- [Exercise] Out of the data below, copy every line with the string "prems".

- [Data provided]
========
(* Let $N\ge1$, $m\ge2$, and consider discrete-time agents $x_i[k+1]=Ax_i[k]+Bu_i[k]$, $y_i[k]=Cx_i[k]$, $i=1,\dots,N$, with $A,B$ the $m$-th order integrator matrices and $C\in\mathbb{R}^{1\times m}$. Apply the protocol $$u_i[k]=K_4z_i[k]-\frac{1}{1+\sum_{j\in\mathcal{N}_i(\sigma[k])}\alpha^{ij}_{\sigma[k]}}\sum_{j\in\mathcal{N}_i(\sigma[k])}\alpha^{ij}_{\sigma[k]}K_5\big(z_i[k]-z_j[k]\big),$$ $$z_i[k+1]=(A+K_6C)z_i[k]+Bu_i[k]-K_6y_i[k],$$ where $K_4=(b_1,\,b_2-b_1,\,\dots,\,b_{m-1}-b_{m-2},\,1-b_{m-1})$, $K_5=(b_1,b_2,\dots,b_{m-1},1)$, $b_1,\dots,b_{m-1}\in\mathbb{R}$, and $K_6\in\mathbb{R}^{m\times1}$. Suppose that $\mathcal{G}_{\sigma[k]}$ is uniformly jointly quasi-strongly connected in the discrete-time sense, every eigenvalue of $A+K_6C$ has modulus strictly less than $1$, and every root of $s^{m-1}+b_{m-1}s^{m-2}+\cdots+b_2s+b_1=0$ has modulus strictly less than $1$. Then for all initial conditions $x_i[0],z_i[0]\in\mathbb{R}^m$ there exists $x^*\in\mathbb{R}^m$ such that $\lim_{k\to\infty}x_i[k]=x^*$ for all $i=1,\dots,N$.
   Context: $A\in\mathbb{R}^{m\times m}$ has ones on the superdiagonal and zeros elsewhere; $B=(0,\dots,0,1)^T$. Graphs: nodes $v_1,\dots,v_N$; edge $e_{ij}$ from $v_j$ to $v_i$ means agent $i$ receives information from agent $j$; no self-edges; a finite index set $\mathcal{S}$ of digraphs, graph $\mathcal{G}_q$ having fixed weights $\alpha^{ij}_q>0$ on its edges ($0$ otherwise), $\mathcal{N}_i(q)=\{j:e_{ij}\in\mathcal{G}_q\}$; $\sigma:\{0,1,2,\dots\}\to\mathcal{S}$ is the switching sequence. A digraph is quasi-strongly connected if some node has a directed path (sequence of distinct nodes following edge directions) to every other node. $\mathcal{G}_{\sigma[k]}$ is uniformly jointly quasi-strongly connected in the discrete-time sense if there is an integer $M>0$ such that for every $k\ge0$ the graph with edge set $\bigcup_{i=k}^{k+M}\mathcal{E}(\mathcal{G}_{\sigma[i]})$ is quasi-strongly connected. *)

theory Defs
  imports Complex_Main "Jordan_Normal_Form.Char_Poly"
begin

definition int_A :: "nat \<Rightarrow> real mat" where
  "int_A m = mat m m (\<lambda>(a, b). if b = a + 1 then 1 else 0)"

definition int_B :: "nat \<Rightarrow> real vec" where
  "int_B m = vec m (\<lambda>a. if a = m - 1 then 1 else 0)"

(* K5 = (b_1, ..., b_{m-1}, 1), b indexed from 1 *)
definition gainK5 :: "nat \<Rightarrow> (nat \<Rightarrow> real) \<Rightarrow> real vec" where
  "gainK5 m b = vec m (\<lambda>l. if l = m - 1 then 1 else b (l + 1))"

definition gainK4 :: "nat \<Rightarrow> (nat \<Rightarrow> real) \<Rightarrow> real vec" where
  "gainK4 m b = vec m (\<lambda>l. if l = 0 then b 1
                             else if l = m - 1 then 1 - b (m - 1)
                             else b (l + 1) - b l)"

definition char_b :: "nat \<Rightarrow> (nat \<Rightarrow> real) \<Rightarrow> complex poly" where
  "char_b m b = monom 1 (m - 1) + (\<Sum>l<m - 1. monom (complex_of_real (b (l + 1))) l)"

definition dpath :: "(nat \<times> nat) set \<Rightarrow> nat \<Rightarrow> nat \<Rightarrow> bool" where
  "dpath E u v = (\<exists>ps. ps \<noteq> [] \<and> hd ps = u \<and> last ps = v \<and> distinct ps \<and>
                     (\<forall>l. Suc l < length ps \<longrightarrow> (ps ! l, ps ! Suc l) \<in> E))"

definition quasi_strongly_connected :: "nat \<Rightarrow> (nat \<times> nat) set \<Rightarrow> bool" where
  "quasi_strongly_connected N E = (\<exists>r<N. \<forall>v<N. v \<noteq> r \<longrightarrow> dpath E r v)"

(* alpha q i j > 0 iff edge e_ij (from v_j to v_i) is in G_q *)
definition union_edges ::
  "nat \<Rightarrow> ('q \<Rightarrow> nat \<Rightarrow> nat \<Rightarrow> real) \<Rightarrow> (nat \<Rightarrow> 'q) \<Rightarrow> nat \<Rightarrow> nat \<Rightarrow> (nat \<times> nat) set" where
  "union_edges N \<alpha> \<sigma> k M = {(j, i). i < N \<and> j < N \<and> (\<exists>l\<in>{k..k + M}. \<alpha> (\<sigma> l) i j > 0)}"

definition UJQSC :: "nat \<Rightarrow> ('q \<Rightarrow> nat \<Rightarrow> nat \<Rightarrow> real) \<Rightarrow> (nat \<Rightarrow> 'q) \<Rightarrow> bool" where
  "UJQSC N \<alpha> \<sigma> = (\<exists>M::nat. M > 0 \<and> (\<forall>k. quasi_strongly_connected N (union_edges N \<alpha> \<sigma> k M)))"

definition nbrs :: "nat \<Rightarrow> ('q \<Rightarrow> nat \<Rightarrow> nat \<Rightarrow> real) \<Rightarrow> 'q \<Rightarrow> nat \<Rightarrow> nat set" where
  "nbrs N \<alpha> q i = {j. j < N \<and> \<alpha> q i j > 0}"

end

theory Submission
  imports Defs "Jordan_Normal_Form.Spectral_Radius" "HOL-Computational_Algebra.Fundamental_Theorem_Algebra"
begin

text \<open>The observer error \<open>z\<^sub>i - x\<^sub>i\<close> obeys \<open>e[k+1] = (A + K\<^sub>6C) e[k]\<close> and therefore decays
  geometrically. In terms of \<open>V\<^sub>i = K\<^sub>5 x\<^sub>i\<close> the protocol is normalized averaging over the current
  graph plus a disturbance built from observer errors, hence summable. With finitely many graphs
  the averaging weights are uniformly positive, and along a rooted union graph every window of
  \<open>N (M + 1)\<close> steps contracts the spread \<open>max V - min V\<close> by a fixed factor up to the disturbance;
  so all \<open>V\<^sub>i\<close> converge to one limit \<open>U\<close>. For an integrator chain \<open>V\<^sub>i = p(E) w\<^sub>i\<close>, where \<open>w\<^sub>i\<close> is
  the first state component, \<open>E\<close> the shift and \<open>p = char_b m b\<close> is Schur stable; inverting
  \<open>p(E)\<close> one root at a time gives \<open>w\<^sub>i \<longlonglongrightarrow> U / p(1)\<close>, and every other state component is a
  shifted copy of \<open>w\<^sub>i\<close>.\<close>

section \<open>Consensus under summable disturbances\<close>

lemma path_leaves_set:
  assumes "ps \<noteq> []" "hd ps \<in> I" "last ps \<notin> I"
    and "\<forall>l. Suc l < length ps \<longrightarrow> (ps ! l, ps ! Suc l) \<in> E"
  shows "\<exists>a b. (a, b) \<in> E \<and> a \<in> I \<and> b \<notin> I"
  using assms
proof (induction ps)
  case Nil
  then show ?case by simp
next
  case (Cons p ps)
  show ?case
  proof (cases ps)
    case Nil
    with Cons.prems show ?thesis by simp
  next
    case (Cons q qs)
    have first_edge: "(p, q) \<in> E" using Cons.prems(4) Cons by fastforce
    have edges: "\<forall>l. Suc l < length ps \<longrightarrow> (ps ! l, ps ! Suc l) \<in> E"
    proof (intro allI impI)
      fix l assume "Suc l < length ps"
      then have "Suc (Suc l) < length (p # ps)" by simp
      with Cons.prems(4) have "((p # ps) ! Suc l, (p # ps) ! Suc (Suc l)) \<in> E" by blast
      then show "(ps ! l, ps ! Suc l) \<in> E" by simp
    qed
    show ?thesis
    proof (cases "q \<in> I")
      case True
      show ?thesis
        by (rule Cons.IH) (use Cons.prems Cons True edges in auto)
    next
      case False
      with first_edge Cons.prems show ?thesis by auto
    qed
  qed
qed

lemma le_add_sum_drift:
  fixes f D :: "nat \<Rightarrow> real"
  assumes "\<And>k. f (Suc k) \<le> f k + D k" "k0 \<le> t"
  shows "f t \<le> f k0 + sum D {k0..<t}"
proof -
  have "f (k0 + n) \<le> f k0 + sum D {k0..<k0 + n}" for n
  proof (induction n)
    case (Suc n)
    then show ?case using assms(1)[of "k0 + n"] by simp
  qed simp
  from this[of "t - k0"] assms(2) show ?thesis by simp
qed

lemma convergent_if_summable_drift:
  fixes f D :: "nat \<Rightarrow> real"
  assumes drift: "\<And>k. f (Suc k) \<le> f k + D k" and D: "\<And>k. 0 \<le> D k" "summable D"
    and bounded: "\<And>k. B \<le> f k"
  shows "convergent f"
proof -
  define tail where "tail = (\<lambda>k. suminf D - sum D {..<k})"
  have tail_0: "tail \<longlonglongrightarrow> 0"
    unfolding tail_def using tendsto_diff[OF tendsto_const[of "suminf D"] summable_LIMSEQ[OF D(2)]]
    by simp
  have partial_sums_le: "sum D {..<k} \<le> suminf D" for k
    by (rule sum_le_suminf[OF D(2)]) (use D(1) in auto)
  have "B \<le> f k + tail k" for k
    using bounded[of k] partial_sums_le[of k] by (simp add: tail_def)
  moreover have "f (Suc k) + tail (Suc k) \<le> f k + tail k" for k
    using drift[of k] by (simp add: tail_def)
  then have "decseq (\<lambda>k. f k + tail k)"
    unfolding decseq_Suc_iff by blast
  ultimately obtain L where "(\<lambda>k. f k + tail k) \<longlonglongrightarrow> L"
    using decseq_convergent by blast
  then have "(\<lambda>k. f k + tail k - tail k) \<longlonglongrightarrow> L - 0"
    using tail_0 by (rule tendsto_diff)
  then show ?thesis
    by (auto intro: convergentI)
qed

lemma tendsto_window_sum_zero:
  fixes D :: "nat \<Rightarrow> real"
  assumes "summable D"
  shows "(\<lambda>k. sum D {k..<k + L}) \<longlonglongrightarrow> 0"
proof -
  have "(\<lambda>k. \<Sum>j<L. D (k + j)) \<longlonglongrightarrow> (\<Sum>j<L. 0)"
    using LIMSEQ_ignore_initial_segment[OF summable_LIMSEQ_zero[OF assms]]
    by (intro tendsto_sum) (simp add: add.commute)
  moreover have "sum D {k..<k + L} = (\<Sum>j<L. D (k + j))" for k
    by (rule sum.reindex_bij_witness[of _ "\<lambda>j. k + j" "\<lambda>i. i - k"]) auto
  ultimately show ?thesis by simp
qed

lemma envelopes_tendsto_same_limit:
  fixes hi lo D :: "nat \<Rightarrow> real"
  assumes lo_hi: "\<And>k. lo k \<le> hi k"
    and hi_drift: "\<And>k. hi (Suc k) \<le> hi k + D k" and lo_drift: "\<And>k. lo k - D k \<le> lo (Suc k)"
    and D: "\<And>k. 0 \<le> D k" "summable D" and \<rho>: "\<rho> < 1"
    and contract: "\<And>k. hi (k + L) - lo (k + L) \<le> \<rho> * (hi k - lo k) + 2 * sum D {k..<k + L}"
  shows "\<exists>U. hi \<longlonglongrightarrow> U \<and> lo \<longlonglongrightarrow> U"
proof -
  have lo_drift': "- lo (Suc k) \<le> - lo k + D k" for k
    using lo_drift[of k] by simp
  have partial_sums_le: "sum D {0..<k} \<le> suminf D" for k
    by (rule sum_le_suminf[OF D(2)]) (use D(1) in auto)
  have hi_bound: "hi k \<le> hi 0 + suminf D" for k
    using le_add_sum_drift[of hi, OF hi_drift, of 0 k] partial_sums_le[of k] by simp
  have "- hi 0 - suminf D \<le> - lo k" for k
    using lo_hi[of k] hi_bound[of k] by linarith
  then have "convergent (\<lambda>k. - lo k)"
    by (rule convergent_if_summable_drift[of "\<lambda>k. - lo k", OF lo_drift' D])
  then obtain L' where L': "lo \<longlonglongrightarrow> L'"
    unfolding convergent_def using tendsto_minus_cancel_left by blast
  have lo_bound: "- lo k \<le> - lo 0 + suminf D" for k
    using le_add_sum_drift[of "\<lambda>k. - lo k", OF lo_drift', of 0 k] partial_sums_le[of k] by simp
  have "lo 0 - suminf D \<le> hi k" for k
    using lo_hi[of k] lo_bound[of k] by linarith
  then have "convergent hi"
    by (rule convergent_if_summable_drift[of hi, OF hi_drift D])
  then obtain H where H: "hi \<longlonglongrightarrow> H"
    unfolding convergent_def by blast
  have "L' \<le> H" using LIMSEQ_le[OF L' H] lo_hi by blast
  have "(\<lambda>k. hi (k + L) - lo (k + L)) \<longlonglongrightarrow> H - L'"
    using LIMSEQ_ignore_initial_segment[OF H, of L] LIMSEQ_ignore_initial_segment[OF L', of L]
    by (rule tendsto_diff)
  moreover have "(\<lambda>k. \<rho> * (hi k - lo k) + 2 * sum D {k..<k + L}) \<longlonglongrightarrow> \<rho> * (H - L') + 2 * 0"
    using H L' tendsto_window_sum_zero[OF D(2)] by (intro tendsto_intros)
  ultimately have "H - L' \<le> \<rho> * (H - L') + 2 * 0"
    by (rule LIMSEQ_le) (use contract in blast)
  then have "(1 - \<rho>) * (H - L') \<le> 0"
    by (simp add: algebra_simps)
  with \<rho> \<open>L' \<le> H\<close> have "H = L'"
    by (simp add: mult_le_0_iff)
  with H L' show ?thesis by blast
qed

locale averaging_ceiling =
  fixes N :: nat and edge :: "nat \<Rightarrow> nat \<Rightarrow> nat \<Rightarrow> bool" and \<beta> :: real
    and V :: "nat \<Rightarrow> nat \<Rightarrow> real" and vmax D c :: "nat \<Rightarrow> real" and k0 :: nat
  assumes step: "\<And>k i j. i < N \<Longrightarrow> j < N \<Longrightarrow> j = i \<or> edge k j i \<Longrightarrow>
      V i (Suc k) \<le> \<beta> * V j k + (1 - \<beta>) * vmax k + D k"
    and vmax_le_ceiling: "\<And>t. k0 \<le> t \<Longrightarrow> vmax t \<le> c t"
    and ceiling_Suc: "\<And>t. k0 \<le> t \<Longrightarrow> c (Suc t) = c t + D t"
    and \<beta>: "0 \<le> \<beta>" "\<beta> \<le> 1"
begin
========
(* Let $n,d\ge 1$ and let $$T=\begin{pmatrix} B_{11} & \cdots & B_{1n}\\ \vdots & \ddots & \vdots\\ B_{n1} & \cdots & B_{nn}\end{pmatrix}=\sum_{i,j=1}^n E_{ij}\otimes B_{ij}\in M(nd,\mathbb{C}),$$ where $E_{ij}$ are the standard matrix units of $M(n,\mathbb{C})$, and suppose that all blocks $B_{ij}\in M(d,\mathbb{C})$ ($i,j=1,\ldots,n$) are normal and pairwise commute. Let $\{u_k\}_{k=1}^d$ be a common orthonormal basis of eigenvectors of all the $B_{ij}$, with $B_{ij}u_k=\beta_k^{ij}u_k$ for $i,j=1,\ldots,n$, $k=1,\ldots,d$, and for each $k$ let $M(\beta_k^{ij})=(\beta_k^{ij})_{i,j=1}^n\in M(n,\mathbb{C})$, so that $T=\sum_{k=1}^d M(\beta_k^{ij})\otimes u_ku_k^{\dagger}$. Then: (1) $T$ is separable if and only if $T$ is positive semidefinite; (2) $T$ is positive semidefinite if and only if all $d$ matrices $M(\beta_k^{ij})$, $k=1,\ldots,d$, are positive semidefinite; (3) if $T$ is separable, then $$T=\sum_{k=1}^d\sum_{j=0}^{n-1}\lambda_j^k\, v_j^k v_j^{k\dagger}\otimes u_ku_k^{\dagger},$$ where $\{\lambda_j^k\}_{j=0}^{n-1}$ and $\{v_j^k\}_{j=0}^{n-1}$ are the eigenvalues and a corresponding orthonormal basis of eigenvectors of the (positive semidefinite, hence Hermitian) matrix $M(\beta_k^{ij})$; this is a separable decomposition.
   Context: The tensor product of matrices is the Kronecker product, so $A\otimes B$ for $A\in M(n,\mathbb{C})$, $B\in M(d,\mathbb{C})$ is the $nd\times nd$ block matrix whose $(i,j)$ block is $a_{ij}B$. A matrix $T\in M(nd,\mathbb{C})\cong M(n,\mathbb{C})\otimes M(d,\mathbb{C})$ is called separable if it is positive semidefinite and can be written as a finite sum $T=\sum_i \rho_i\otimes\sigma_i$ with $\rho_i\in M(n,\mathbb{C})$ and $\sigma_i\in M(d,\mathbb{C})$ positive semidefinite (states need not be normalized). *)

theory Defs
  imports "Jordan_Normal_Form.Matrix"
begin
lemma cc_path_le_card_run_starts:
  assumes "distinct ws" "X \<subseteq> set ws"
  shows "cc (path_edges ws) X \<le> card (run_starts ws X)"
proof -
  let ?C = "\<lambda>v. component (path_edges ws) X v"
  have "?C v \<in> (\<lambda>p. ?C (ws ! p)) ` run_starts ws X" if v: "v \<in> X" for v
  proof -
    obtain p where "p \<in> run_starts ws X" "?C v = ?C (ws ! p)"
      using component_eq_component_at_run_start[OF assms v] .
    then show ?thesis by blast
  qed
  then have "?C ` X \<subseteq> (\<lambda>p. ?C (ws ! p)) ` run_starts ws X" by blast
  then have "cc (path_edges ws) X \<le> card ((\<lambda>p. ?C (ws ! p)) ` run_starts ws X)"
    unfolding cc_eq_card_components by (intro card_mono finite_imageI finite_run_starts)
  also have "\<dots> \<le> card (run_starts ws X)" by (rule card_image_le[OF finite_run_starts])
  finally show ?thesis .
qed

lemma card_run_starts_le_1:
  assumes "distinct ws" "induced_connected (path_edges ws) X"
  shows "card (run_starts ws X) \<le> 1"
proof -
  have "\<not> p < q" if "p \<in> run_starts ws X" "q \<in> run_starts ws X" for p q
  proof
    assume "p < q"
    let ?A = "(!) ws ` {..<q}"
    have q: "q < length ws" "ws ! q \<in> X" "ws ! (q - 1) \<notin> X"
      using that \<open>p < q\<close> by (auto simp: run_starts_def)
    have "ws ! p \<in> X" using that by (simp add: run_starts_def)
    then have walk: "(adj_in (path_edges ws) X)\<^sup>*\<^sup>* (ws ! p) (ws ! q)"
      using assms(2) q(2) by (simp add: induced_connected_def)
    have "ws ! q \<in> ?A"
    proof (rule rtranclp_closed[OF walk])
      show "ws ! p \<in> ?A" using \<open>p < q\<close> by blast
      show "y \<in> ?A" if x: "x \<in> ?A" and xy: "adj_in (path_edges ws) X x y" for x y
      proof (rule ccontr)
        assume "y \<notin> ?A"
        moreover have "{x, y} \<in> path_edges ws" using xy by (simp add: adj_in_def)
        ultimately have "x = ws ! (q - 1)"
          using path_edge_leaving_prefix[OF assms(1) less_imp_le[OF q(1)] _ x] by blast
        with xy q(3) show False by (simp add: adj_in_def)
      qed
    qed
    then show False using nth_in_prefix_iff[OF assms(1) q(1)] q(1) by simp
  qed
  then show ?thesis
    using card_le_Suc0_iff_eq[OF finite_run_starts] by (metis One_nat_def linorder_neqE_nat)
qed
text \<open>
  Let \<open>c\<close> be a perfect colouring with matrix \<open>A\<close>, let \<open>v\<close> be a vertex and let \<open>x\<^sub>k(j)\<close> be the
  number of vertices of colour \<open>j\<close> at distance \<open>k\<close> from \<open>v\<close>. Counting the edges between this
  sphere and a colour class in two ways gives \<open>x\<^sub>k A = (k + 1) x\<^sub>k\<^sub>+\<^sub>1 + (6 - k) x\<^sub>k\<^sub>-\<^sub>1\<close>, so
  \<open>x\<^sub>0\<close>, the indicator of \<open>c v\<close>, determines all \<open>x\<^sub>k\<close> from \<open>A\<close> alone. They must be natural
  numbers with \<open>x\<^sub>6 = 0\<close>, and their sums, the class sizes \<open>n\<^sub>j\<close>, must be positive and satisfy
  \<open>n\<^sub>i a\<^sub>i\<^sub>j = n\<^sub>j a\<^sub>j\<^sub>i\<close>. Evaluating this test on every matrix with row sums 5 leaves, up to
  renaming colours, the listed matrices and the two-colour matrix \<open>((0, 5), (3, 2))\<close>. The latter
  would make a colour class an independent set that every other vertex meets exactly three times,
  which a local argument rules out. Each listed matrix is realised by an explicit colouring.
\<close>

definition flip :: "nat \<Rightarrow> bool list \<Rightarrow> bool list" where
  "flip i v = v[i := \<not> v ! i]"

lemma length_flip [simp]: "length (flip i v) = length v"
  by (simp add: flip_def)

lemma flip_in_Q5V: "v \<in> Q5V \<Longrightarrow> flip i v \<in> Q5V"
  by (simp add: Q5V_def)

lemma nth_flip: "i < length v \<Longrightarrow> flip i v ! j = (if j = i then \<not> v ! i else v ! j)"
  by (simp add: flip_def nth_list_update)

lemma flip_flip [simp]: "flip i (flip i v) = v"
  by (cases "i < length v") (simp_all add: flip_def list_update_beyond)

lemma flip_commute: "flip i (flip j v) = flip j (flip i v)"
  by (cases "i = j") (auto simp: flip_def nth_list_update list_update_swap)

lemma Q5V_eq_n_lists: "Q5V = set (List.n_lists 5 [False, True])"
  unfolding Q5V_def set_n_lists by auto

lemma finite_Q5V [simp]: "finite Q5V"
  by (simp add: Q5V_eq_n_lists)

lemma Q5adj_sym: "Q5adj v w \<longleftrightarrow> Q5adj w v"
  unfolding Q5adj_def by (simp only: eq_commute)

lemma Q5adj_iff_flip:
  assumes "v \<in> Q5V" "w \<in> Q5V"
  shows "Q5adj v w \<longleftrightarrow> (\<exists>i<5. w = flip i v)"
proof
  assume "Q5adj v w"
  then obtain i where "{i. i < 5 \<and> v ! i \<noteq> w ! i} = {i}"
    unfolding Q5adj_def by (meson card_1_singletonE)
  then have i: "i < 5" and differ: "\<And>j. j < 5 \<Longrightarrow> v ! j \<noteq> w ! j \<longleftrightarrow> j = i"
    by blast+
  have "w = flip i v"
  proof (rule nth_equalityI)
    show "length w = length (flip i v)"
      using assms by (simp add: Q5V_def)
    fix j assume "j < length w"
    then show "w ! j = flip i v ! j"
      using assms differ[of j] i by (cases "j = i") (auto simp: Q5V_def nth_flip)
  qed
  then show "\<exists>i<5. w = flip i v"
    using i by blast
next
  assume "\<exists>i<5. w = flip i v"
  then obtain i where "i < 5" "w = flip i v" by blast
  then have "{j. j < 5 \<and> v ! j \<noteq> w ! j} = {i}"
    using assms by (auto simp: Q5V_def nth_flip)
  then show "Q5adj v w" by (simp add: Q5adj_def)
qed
========
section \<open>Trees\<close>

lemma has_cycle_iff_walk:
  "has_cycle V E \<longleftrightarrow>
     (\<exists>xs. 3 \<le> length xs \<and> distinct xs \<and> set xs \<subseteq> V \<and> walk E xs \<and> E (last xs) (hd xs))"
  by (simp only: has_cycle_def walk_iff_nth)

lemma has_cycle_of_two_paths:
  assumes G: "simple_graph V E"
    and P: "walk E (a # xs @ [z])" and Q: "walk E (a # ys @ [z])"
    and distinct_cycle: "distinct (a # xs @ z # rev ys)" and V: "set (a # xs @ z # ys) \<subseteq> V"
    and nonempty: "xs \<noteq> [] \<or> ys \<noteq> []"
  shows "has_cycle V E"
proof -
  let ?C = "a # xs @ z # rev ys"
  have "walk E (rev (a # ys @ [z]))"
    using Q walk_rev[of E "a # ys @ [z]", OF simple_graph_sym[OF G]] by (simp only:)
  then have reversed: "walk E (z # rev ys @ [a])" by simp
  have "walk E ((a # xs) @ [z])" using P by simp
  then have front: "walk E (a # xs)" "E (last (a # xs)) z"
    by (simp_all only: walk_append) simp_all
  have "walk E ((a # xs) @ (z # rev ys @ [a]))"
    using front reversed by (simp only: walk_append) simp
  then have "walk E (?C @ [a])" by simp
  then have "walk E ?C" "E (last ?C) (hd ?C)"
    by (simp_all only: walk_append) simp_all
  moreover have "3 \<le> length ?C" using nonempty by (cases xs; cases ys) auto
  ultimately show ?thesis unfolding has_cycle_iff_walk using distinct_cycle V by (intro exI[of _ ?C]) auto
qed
========
- [Output below]
    with Cons.prems show ?thesis by simp
    have first_edge: "(p, q) \<in> E" using Cons.prems(4) Cons by fastforce
      with Cons.prems(4) have "((p # ps) ! Suc l, (p # ps) ! Suc (Suc l)) \<in> E" by blast
        by (rule Cons.IH) (use Cons.prems Cons True edges in auto)
      with first_edge Cons.prems show ?thesis by auto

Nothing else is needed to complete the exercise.